Comité de Vigilance en Matière de Lutte Contre le Terrorisme

Crée en 2005, le « Comité de vigilance en matière de lutte contre le terrorisme » (Comité T) est issu d’une initiative de différents acteurs de la société civile. Ceux-ci se sont réunis afin d’exprimer leur inquiétude liée à la prolifération de législations anti-terroristes ayant un impact potentiellement néfaste sur les droits humains et les libertés fondamentales des citoyen·ne·s. Deux grandes phases d’activité législative peuvent être mises en avant : en 2003, en réaction aux attentats connus par les Etats-Unis le 11 Septembre 2001, et en 2015-2016, suite aux attentats commis en France et en Belgique.

Ainsi, tout en réaffirmant la légitimité de la lutte contre le terrorisme, le Comité T a pour moteur la préservation de l’Etat de droit et des garanties fondamentales qu’il comprend. Il s’est donc donné pour mission de rappeler que si la plupart des droits et libertés fondamentales ne sont pas absolus (et peuvent donc être limités), la limitation de ces droits doit être nécessaire et justifiée et doit, autant que possible, demeurer l’exception.

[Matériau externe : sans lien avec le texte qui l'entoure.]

(* Let $\mathcal D$ be a complete, cocomplete, extremally co-well-powered (extremal epi, mono) category. Then $\mathcal Q(\mathcal D)$ is an (extremal epi, mono) category.
   Context: For a category $\mathcal D$ and an object $d$, $M(d)$ denotes the class of all morphisms with source $d$, quasi-ordered by $\phi_1\ge\phi_2$ iff there is $h$ with $h\phi_1=\phi_2$. A projective filtration on $d$ is a non-empty, directed, saturated subclass $F\subseteq M(d)$ (saturated: $\phi_1\in F$, $\phi_1\ge\phi_2$ imply $\phi_2\in F$). A subclass $S\subseteq F$ is initial if every $\phi\in F$ satisfies $\phi\le\psi$ for some $\psi\in S$. For $f\colon d'\to d$, $f^*(F)=\{\phi f:\phi\in F\}$. $\mathcal P(\mathcal D)$ has objects $(d,F)$, and morphisms $(d_1,F_1)\to(d_2,F_2)$ the morphisms $f\colon d_1\to d_2$ of $\mathcal D$ with $f^*(F_2)\subseteq F_1$. $F$ is reduced if it has an initial subclass of extremal epimorphisms; $\mathcal Q(\mathcal D)$ is the full subcategory of $\mathcal P(\mathcal D)$ of reduced filtered objects. An (extremal epi, mono) category is one in which every morphism factors as an extremal epimorphism followed by a monomorphism and such factorisations have the unique diagonal fill-in property. *)

theory Defs
  imports Main
begin

record ('o, 'm) cat =
  Ob   :: "'o set"
  Ar   :: "'m set"
  dom  :: "'m \<Rightarrow> 'o"
  cod  :: "'m \<Rightarrow> 'o"
  idt  :: "'o \<Rightarrow> 'm"
  comp :: "'m \<Rightarrow> 'm \<Rightarrow> 'm"   (* comp C g f = g o f, defined when cod f = dom g *)

definition is_cat :: "('o, 'm, 'x) cat_scheme \<Rightarrow> bool" where
  "is_cat C \<longleftrightarrow>
     (\<forall>f\<in>Ar C. dom C f \<in> Ob C \<and> cod C f \<in> Ob C) \<and>
     (\<forall>a\<in>Ob C. idt C a \<in> Ar C \<and> dom C (idt C a) = a \<and> cod C (idt C a) = a) \<and>
     (\<forall>f\<in>Ar C. \<forall>g\<in>Ar C. cod C f = dom C g \<longrightarrow>
        comp C g f \<in> Ar C \<and> dom C (comp C g f) = dom C f \<and> cod C (comp C g f) = cod C g) \<and>
     (\<forall>f\<in>Ar C. comp C (idt C (cod C f)) f = f \<and> comp C f (idt C (dom C f)) = f) \<and>
     (\<forall>f\<in>Ar C. \<forall>g\<in>Ar C. \<forall>h\<in>Ar C. cod C f = dom C g \<and> cod C g = dom C h \<longrightarrow>
        comp C h (comp C g f) = comp C (comp C h g) f)"

definition hom :: "('o, 'm, 'x) cat_scheme \<Rightarrow> 'o \<Rightarrow> 'o \<Rightarrow> 'm set" where
  "hom C a b = {f \<in> Ar C. dom C f = a \<and> cod C f = b}"

definition mono :: "('o, 'm, 'x) cat_scheme \<Rightarrow> 'm \<Rightarrow> bool" where
  "mono C m \<longleftrightarrow> m \<in> Ar C \<and>
     (\<forall>f\<in>Ar C. \<forall>g\<in>Ar C. cod C f = dom C m \<and> cod C g = dom C m \<and> dom C f = dom C g \<and>
        comp C m f = comp C m g \<longrightarrow> f = g)"

definition epi :: "('o, 'm, 'x) cat_scheme \<Rightarrow> 'm \<Rightarrow> bool" where
  "epi C e \<longleftrightarrow> e \<in> Ar C \<and>
     (\<forall>f\<in>Ar C. \<forall>g\<in>Ar C. dom C f = cod C e \<and> dom C g = cod C e \<and> cod C f = cod C g \<and>
        comp C f e = comp C g e \<longrightarrow> f = g)"

definition iso :: "('o, 'm, 'x) cat_scheme \<Rightarrow> 'm \<Rightarrow> bool" where
  "iso C f \<longleftrightarrow> f \<in> Ar C \<and>
     (\<exists>g\<in>Ar C. dom C g = cod C f \<and> cod C g = dom C f \<and>
        comp C g f = idt C (dom C f) \<and> comp C f g = idt C (cod C f))"

definition ext_epi :: "('o, 'm, 'x) cat_scheme \<Rightarrow> 'm \<Rightarrow> bool" where
  "ext_epi C e \<longleftrightarrow> epi C e \<and>
     (\<forall>m\<in>Ar C. \<forall>g\<in>Ar C. mono C m \<and> cod C g = dom C m \<and> comp C m g = e \<longrightarrow> iso C m)"

definition has_ext_epi_mono_factorizations :: "('o, 'm, 'x) cat_scheme \<Rightarrow> bool" where
  "has_ext_epi_mono_factorizations C \<longleftrightarrow>
     (\<forall>f\<in>Ar C. \<exists>e m. ext_epi C e \<and> mono C m \<and> cod C e = dom C m \<and> comp C m e = f)"

definition has_diagonal_fill_in :: "('o, 'm, 'x) cat_scheme \<Rightarrow> bool" where
  "has_diagonal_fill_in C \<longleftrightarrow>
     (\<forall>e m u v. ext_epi C e \<and> mono C m \<and> u \<in> Ar C \<and> v \<in> Ar C \<and>
        dom C u = dom C e \<and> cod C u = dom C m \<and> dom C v = cod C e \<and> cod C v = cod C m \<and>
        comp C v e = comp C m u \<longrightarrow>
        (\<exists>!d. d \<in> Ar C \<and> dom C d = cod C e \<and> cod C d = dom C m \<and>
              comp C d e = u \<and> comp C m d = v))"

definition ext_epi_mono_cat :: "('o, 'm, 'x) cat_scheme \<Rightarrow> bool" where
  "ext_epi_mono_cat C \<longleftrightarrow> is_cat C \<and> has_ext_epi_mono_factorizations C \<and> has_diagonal_fill_in C"

definition small :: "'u itself \<Rightarrow> 'a set \<Rightarrow> bool" where
  "small u A \<longleftrightarrow> ordLess2 (card_of A) (card_of (UNIV :: 'u set))"

text \<open>The cardinality of 'u is strongly inaccessible (uncountable, regular, strong limit),
  i.e. the size of a Grothendieck universe.\<close>
definition universe_type :: "'u itself \<Rightarrow> bool" where
  "universe_type u \<longleftrightarrow>
     ordLess2 (card_of (UNIV :: nat set)) (card_of (UNIV :: 'u set)) \<and>
     regularCard (card_of (UNIV :: 'u set)) \<and>
     (\<forall>A :: 'u set. small u A \<longrightarrow> small u (Pow A))"

definition locally_small :: "'u itself \<Rightarrow> ('o, 'm, 'x) cat_scheme \<Rightarrow> bool" where
  "locally_small u C \<longleftrightarrow> (\<forall>a\<in>Ob C. \<forall>b\<in>Ob C. small u (hom C a b))"

definition diagram :: "('i, 'j) cat \<Rightarrow> ('o, 'm, 'x) cat_scheme \<Rightarrow> ('i \<Rightarrow> 'o) \<Rightarrow> ('j \<Rightarrow> 'm) \<Rightarrow> bool" where
  "diagram J C Fo Fa \<longleftrightarrow> is_cat J \<and>
     (\<forall>j\<in>Ob J. Fo j \<in> Ob C) \<and>
     (\<forall>a\<in>Ar J. Fa a \<in> hom C (Fo (dom J a)) (Fo (cod J a))) \<and>
     (\<forall>j\<in>Ob J. Fa (idt J j) = idt C (Fo j)) \<and>
     (\<forall>a\<in>Ar J. \<forall>b\<in>Ar J. cod J a = dom J b \<longrightarrow> Fa (comp J b a) = comp C (Fa b) (Fa a))"

definition cone :: "('i, 'j) cat \<Rightarrow> ('o, 'm, 'x) cat_scheme \<Rightarrow> ('i \<Rightarrow> 'o) \<Rightarrow> ('j \<Rightarrow> 'm) \<Rightarrow> 'o \<Rightarrow> ('i \<Rightarrow> 'm) \<Rightarrow> bool" where
  "cone J C Fo Fa c l \<longleftrightarrow> c \<in> Ob C \<and>
     (\<forall>j\<in>Ob J. l j \<in> hom C c (Fo j)) \<and>
     (\<forall>a\<in>Ar J. comp C (Fa a) (l (dom J a)) = l (cod J a))"

definition limit :: "('i, 'j) cat \<Rightarrow> ('o, 'm, 'x) cat_scheme \<Rightarrow> ('i \<Rightarrow> 'o) \<Rightarrow> ('j \<Rightarrow> 'm) \<Rightarrow> 'o \<Rightarrow> ('i \<Rightarrow> 'm) \<Rightarrow> bool" where
  "limit J C Fo Fa c l \<longleftrightarrow> cone J C Fo Fa c l \<and>
     (\<forall>c' l'. cone J C Fo Fa c' l' \<longrightarrow>
        (\<exists>!h. h \<in> hom C c' c \<and> (\<forall>j\<in>Ob J. comp C (l j) h = l' j)))"

definition cocone :: "('i, 'j) cat \<Rightarrow> ('o, 'm, 'x) cat_scheme \<Rightarrow> ('i \<Rightarrow> 'o) \<Rightarrow> ('j \<Rightarrow> 'm) \<Rightarrow> 'o \<Rightarrow> ('i \<Rightarrow> 'm) \<Rightarrow> bool" where
  "cocone J C Fo Fa c l \<longleftrightarrow> c \<in> Ob C \<and>
     (\<forall>j\<in>Ob J. l j \<in> hom C (Fo j) c) \<and>
     (\<forall>a\<in>Ar J. comp C (l (cod J a)) (Fa a) = l (dom J a))"

definition colimit :: "('i, 'j) cat \<Rightarrow> ('o, 'm, 'x) cat_scheme \<Rightarrow> ('i \<Rightarrow> 'o) \<Rightarrow> ('j \<Rightarrow> 'm) \<Rightarrow> 'o \<Rightarrow> ('i \<Rightarrow> 'm) \<Rightarrow> bool" where
  "colimit J C Fo Fa c l \<longleftrightarrow> cocone J C Fo Fa c l \<and>
     (\<forall>c' l'. cocone J C Fo Fa c' l' \<longrightarrow>
        (\<exists>!h. h \<in> hom C c c' \<and> (\<forall>j\<in>Ob J. comp C h (l j) = l' j)))"

text \<open>Complete / cocomplete: (co)limits of all small diagrams; every small index
  category is (up to isomorphism) one with objects and arrows in 'u.\<close>
definition complete :: "'u itself \<Rightarrow> ('o, 'm, 'x) cat_scheme \<Rightarrow> bool" where
  "complete u C \<longleftrightarrow>
     (\<forall>(J :: ('u, 'u) cat) Fo Fa. small u (Ob J) \<and> small u (Ar J) \<and> diagram J C Fo Fa \<longrightarrow>
        (\<exists>c l. limit J C Fo Fa c l))"

definition cocomplete :: "'u itself \<Rightarrow> ('o, 'm, 'x) cat_scheme \<Rightarrow> bool" where
  "cocomplete u C \<longleftrightarrow>
     (\<forall>(J :: ('u, 'u) cat) Fo Fa. small u (Ob J) \<and> small u (Ar J) \<and> diagram J C Fo Fa \<longrightarrow>
        (\<exists>c l. colimit J C Fo Fa c l))"

definition ext_co_well_powered :: "'u itself \<Rightarrow> ('o, 'm, 'x) cat_scheme \<Rightarrow> bool" where
  "ext_co_well_powered u C \<longleftrightarrow>
     (\<forall>d\<in>Ob C. \<exists>S. small u S \<and> (\<forall>s\<in>S. ext_epi C s \<and> dom C s = d) \<and>
        (\<forall>e. ext_epi C e \<and> dom C e = d \<longrightarrow>
           (\<exists>s\<in>S. \<exists>i. iso C i \<and> dom C i = cod C e \<and> cod C i = cod C s \<and> comp C i e = s)))"

definition Mor_from :: "('o, 'm, 'x) cat_scheme \<Rightarrow> 'o \<Rightarrow> 'm set" where
  "Mor_from C d = {f \<in> Ar C. dom C f = d}"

Le travail du Comité se veut à la fois d’observation et de critique. Il assure la visibilité de son analyse grâce à la production d’un rapport annuel qui vise à analyser en profondeur les mesures antiterroristes et leur impact sur les droits humains. Le dernier rapport, datant de 2017, est accessible ici.

Du 24 au 31 mai 2018, la Rapporteuse spéciale des Nations-Unies sur la protection et la promotion des droits humains et des libertés fondamentales dans le cadre de la lutte contre le terrorisme, Mme Fionnuala Ni Aolain, a procédé à une visite en Belgique afin d’y observer les tendances en matière de lutte contre le terrorisme. En vue de cette visite, le Comité T a préparé un rapport qui dresse les grandes lignes de certains enjeux actuels liés à la lutte belge contre le terrorisme afin d’attirer l’attention de la Rapporteuse spéciale, mais également de nos dirigeants, sur d’éventuelles violations des droits humains. Dans ses conclusions préliminaires, la Rapporteuse spéciale fait d’ailleurs échos à certaines inquiétudes et revendications mises en avant par le Comité, notamment pour ce qui concerne l’absence d’Institut national des droits humains (veillant au contrôle du respect des droits humains) ou encore pour ce qui est de l’impact sur les droits humains de certaines mesures prises en la matière.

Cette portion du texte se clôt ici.